- Opening Delimiter -
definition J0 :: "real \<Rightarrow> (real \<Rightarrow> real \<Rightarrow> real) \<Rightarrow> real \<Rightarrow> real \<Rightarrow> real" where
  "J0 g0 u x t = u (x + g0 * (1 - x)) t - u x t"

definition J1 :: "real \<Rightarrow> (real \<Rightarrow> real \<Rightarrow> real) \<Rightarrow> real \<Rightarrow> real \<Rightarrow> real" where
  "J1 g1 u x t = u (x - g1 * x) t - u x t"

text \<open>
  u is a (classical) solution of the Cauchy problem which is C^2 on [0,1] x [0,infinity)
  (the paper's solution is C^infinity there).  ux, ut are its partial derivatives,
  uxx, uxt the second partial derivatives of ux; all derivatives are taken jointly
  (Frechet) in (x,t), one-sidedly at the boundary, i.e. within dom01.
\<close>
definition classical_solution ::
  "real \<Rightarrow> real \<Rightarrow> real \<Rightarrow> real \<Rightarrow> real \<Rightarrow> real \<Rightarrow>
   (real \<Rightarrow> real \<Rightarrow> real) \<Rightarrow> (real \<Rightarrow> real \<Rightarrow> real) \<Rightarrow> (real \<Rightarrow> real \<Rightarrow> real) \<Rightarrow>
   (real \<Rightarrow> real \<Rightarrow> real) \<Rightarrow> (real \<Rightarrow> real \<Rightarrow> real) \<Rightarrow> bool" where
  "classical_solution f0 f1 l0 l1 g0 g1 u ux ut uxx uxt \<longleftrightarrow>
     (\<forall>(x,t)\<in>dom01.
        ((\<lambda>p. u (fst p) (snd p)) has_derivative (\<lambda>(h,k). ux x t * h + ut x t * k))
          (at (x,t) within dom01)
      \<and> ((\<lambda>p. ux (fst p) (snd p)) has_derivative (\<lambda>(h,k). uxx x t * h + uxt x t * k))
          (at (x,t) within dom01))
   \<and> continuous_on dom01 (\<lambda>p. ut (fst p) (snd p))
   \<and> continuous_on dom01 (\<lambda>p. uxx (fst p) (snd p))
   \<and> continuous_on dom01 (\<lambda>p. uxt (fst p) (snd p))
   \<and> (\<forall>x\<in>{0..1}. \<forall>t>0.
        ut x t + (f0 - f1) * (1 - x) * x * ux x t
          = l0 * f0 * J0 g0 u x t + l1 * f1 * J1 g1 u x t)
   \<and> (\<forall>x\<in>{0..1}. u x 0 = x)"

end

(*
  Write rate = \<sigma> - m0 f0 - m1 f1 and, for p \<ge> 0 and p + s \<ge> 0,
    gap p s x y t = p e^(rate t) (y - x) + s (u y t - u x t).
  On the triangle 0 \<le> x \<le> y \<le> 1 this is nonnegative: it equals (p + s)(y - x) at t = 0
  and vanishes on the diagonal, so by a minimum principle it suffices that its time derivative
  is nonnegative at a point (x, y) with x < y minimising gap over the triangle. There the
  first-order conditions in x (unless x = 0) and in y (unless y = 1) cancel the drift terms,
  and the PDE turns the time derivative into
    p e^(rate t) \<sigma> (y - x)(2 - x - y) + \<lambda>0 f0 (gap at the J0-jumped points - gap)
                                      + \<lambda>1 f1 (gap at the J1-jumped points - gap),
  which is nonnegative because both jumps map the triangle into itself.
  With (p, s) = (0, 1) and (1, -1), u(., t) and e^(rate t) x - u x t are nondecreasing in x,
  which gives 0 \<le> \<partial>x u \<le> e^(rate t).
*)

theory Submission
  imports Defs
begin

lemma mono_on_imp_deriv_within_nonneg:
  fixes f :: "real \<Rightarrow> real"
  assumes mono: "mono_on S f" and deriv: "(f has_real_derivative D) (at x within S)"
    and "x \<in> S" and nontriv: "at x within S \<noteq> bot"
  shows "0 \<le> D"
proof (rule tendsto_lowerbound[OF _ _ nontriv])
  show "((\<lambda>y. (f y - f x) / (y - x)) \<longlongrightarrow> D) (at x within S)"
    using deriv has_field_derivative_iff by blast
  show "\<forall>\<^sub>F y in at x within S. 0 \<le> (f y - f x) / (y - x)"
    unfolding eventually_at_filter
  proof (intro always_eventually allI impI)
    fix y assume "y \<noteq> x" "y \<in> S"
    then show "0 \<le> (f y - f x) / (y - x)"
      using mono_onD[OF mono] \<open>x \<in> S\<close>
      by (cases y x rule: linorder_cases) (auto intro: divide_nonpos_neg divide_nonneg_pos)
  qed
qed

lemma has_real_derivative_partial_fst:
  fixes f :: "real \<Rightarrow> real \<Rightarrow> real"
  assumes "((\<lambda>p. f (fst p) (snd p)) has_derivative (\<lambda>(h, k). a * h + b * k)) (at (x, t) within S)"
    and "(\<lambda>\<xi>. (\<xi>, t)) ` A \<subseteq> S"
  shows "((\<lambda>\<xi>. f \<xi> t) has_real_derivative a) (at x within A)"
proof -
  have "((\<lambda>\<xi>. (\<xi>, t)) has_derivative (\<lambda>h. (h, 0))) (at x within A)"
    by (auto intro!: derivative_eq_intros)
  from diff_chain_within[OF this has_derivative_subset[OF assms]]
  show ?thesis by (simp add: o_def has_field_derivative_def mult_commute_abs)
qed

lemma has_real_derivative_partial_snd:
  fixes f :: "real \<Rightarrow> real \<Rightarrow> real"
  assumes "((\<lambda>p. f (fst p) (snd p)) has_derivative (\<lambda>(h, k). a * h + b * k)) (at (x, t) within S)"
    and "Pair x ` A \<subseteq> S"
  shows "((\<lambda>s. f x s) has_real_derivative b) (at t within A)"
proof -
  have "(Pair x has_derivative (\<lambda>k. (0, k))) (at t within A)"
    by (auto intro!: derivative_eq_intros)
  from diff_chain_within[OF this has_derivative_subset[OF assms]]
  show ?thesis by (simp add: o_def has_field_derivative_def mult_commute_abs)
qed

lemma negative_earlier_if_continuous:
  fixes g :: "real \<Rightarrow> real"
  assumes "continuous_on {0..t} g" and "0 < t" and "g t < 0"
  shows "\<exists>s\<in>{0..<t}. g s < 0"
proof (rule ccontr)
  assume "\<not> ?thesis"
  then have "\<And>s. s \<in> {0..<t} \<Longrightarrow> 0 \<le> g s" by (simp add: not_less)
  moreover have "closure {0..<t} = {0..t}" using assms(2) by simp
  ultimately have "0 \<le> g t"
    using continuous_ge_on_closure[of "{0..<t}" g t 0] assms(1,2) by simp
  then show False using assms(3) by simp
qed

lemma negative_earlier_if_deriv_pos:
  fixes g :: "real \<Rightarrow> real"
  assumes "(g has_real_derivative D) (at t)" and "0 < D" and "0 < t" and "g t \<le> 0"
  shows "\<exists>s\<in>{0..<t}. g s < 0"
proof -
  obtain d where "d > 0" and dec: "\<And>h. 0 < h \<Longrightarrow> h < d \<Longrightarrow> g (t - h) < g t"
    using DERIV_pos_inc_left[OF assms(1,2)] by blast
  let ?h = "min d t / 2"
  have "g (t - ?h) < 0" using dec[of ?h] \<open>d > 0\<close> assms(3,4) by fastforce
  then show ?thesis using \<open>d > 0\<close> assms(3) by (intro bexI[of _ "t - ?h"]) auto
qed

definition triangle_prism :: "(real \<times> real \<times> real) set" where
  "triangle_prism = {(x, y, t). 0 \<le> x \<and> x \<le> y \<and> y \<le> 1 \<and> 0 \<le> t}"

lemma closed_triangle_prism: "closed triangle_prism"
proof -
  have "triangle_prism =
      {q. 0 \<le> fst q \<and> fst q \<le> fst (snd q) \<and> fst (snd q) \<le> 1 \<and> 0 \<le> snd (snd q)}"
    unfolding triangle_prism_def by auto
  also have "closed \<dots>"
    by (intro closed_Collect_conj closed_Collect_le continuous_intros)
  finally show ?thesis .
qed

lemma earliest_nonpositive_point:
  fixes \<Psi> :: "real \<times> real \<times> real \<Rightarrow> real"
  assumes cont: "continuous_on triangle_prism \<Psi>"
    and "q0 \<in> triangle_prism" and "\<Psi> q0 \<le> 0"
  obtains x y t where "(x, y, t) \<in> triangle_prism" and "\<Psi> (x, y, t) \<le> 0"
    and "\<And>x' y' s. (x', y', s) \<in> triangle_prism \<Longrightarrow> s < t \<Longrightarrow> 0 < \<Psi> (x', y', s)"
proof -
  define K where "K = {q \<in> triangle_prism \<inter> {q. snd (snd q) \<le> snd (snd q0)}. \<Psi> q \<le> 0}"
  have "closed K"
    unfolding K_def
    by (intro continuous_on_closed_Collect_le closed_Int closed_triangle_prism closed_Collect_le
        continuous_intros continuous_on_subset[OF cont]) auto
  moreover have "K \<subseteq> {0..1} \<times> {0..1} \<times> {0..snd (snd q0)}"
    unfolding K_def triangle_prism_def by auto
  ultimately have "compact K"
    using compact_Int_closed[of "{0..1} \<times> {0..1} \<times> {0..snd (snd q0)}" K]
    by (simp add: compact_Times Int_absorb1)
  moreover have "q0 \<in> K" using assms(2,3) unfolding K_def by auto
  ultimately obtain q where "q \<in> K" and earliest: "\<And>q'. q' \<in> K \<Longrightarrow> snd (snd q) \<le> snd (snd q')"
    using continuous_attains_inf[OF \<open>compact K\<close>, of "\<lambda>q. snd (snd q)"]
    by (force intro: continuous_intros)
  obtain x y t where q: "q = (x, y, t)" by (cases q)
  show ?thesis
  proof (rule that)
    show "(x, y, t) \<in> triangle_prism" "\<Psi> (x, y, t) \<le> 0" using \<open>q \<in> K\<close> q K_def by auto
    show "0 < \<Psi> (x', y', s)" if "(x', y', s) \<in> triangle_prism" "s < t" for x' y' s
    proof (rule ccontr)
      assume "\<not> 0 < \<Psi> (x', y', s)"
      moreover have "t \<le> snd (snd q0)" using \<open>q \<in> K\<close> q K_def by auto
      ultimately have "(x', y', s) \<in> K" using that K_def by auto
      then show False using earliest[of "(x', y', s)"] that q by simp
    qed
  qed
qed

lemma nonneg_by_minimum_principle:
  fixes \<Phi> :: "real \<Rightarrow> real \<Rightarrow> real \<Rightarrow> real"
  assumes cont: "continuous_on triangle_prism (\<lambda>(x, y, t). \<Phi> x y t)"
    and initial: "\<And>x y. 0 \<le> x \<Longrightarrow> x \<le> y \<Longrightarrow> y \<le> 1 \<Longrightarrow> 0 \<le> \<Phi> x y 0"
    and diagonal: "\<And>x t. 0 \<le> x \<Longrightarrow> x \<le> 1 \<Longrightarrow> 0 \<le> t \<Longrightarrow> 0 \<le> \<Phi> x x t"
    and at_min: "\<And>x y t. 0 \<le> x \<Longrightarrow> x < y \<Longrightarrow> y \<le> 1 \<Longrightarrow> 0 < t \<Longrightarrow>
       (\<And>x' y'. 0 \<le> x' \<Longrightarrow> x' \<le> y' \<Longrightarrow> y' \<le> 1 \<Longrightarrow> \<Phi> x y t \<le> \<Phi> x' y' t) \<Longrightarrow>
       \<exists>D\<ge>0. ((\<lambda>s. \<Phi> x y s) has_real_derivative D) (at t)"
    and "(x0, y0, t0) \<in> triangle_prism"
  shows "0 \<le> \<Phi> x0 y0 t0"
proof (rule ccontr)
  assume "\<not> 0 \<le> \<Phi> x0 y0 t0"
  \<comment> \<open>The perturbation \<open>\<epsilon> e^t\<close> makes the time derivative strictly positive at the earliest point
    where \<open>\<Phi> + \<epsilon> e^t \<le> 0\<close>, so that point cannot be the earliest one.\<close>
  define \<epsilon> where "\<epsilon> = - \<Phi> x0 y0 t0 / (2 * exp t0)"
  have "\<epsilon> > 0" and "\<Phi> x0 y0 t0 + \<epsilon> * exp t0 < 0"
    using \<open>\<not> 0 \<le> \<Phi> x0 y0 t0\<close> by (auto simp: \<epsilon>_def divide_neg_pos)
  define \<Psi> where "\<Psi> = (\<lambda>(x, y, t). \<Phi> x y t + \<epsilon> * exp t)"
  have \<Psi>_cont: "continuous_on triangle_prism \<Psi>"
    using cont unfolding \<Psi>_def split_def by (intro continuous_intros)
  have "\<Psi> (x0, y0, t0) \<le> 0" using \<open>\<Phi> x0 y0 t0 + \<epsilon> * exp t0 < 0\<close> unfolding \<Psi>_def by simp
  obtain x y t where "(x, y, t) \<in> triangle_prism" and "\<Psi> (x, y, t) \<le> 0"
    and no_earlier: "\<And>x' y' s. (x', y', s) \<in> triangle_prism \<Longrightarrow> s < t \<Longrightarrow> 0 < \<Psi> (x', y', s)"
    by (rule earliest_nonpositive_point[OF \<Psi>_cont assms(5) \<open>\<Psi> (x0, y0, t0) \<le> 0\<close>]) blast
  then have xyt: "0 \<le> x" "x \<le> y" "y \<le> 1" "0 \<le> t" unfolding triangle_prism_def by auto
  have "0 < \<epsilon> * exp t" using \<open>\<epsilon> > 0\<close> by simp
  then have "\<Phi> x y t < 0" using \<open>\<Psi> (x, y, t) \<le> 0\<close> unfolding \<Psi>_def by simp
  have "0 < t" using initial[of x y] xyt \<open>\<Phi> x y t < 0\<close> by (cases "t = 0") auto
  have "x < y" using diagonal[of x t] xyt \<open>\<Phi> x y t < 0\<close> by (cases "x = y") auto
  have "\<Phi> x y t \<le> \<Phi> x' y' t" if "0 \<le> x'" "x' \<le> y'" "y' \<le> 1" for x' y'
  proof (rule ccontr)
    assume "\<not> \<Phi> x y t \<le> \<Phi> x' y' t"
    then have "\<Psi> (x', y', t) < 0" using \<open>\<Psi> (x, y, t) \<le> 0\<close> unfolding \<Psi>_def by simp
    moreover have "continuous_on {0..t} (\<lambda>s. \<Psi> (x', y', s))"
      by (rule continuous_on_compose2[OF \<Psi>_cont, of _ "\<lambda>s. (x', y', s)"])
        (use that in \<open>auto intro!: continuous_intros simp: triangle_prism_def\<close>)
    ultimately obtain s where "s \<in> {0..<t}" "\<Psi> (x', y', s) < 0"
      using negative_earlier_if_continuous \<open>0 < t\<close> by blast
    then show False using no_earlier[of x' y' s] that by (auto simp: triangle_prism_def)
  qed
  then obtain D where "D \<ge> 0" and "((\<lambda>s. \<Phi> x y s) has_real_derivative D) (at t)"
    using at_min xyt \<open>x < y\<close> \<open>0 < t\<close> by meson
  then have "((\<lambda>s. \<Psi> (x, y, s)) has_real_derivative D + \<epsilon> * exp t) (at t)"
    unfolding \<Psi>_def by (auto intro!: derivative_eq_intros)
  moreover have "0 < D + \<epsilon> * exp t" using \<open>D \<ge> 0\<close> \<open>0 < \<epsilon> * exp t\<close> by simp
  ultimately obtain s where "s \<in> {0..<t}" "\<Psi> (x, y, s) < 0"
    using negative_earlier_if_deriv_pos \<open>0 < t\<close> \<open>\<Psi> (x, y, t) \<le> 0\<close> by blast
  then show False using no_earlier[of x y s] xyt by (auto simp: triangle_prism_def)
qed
- Closing Delimiter -
- Opening Delimiter -
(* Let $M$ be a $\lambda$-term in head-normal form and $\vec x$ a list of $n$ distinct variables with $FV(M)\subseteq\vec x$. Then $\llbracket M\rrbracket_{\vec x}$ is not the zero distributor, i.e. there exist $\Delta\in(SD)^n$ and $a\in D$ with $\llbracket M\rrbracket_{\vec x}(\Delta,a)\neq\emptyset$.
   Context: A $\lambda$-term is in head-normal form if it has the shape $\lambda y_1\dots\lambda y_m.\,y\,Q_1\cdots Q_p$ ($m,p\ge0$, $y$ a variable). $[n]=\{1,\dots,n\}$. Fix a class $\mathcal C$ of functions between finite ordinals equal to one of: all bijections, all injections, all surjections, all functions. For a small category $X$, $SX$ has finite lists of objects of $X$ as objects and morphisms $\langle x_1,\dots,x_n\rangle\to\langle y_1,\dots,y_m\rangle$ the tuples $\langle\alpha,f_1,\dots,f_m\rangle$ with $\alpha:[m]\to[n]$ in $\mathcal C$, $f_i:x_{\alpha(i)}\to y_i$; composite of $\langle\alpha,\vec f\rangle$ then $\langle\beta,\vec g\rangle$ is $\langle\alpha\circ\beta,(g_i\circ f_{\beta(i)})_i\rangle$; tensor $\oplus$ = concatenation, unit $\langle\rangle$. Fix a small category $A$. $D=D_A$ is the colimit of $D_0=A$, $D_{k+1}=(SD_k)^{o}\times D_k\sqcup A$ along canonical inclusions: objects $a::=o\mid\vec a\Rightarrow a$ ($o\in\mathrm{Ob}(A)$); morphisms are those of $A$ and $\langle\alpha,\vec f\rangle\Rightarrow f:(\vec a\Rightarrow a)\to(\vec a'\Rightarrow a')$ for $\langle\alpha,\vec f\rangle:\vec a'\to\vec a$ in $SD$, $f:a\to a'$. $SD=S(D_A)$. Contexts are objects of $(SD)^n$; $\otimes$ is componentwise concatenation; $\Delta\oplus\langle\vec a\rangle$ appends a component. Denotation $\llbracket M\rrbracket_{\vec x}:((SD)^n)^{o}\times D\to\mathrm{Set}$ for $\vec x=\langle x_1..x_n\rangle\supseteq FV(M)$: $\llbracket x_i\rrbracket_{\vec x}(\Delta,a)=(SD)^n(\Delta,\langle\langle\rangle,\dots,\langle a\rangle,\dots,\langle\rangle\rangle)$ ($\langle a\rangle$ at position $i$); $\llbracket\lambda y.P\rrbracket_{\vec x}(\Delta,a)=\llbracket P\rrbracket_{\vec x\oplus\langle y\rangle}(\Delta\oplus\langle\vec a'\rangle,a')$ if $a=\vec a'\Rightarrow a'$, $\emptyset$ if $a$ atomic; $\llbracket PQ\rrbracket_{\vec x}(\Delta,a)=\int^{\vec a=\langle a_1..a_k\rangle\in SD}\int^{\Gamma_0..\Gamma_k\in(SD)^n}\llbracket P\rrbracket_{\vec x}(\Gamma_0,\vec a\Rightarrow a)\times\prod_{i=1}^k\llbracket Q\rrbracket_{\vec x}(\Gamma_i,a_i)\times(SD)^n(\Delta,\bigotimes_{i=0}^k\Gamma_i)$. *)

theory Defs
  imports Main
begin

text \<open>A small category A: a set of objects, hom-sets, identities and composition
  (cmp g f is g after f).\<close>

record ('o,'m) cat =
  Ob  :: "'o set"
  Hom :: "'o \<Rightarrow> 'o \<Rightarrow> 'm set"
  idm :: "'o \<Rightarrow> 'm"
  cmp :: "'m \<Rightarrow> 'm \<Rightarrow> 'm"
- Closing Delimiter -
- Opening Delimiter -
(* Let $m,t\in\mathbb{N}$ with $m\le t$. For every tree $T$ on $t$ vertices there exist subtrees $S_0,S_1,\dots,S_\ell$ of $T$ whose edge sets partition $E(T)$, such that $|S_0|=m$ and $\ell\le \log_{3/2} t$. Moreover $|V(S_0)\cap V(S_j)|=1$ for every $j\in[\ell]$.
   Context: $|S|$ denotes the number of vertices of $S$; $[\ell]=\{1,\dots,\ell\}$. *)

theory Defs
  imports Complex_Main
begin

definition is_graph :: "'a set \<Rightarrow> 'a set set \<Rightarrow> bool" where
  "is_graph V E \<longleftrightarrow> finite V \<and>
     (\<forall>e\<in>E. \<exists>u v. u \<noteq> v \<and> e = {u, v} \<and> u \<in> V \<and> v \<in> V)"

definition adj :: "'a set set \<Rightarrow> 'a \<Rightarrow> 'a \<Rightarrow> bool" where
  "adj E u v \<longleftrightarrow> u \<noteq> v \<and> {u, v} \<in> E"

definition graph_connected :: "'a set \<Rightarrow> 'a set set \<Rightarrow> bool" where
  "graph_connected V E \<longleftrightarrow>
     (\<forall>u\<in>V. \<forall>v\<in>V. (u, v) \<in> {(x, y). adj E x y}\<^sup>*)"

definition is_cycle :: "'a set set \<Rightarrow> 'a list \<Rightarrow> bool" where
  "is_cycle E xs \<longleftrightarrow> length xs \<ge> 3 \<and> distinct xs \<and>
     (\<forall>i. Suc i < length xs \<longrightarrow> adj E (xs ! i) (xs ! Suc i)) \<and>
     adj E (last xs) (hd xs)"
- Closing Delimiter -
> ACTION ITEM:
Among the lines above, which contain the word "points"? Copy every one.

> OUTPUT BELOW:
    p e^(rate t) \<sigma> (y - x)(2 - x - y) + \<lambda>0 f0 (gap at the J0-jumped points - gap)
                                      + \<lambda>1 f1 (gap at the J1-jumped points - gap),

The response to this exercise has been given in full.